Your answer should consist of all lines in the listing that hold the word "moreover".

### Supplied information

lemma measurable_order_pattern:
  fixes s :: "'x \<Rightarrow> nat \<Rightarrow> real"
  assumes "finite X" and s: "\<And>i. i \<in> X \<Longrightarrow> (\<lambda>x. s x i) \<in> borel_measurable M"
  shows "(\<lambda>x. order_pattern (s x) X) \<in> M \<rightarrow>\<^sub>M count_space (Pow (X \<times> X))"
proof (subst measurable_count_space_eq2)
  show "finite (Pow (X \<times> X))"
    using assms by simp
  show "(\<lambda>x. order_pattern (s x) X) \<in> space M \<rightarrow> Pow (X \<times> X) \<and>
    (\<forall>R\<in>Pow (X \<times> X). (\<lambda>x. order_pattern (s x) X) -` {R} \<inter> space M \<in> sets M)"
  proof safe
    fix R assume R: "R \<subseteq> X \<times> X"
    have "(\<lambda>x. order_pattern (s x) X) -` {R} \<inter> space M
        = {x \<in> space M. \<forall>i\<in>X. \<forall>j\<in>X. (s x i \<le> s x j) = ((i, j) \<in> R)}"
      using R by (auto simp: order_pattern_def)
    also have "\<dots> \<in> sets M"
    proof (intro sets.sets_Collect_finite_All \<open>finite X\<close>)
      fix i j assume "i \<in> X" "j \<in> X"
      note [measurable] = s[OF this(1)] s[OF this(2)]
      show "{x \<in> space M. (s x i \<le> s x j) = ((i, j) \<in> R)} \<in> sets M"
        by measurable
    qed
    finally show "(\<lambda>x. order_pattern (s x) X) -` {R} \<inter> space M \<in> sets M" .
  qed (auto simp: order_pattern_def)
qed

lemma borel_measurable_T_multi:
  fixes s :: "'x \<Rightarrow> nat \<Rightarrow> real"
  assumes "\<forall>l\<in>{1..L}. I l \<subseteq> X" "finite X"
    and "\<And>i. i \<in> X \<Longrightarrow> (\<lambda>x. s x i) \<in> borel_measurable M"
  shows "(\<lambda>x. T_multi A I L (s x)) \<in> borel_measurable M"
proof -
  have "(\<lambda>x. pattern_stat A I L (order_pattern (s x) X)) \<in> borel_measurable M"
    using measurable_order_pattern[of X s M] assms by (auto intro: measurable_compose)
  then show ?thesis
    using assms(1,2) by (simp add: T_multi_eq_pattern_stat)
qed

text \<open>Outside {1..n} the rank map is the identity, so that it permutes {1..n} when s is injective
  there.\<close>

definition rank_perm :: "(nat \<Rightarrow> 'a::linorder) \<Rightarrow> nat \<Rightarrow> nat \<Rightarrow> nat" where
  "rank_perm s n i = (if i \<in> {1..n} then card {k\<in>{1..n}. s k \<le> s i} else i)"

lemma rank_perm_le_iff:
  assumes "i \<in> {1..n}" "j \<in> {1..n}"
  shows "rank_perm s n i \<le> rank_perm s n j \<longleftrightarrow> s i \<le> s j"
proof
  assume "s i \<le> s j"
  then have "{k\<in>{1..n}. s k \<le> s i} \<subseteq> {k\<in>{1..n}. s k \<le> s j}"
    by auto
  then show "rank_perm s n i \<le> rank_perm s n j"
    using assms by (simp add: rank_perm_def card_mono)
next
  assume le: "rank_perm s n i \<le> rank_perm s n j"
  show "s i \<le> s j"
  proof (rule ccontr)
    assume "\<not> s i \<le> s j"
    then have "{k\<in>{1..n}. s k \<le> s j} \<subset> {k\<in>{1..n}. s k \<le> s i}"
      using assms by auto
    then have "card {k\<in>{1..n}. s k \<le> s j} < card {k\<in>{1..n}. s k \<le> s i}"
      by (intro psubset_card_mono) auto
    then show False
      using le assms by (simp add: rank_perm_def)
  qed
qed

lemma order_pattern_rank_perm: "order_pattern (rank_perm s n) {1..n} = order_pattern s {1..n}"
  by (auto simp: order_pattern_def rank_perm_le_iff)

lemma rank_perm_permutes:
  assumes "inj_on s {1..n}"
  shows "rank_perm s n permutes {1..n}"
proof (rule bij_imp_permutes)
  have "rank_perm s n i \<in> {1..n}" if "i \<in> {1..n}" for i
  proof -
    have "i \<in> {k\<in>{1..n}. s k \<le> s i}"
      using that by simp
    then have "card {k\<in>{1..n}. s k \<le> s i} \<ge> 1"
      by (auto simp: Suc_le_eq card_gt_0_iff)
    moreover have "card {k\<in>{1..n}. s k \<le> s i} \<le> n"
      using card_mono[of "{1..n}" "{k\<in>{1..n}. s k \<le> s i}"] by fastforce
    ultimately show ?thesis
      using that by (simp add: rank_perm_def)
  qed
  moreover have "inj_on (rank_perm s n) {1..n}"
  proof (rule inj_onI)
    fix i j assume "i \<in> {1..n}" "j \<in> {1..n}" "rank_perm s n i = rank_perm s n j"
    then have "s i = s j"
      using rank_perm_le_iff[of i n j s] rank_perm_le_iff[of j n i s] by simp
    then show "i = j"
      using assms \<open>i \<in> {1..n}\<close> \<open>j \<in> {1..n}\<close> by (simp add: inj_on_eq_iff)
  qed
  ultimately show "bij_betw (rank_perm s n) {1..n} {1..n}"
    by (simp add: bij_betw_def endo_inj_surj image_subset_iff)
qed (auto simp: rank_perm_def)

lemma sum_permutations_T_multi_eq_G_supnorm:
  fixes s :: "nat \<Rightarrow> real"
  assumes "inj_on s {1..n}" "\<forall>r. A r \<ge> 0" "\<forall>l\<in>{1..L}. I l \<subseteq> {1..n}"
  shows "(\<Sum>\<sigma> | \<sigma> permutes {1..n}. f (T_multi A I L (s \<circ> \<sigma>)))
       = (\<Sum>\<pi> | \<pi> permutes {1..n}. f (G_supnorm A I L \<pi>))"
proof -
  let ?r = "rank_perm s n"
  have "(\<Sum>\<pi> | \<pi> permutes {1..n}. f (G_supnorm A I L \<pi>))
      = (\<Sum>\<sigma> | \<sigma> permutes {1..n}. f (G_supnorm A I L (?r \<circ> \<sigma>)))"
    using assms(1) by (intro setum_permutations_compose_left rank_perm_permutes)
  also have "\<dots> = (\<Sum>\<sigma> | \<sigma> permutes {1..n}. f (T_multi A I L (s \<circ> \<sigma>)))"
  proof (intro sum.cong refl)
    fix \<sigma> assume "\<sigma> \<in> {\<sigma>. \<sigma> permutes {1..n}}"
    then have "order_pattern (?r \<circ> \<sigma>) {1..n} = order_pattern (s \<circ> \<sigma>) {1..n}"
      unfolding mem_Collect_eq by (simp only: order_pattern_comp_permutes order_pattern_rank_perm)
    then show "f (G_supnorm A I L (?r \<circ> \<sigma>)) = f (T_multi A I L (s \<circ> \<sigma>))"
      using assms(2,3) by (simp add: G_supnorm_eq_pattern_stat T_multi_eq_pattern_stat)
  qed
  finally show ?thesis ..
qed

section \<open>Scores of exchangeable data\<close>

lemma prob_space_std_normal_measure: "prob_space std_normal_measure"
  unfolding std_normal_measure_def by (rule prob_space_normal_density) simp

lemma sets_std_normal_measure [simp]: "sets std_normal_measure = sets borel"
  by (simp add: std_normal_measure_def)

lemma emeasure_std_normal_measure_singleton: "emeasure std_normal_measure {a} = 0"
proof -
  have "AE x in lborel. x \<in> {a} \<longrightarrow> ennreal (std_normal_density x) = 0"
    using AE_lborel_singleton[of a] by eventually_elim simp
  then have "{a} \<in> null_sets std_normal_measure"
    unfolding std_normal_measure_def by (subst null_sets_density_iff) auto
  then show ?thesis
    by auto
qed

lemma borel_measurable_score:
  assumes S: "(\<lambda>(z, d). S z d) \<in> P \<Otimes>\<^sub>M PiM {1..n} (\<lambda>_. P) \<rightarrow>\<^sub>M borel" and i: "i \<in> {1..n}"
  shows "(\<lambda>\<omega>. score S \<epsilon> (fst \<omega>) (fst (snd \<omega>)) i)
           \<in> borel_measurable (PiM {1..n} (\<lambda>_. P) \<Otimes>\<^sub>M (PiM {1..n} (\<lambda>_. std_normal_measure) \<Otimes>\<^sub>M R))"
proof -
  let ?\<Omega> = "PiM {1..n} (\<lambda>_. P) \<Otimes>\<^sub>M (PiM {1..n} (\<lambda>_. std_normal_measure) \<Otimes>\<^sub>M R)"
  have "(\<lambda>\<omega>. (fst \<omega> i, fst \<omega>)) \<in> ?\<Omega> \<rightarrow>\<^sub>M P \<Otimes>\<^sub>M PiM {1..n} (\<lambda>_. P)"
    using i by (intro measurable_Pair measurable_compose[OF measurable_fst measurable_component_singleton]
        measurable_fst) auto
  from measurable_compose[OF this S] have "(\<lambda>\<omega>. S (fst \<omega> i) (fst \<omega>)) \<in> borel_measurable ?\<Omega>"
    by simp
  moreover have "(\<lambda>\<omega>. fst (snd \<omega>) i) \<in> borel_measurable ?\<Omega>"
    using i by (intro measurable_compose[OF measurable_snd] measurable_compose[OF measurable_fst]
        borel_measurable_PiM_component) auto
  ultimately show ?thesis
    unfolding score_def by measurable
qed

######

Finished task:
    moreover have "card {k\<in>{1..n}. s k \<le> s i} \<le> n"
  moreover have "inj_on (rank_perm s n) {1..n}"
  moreover have "(\<lambda>\<omega>. fst (snd \<omega>) i) \<in> borel_measurable ?\<Omega>"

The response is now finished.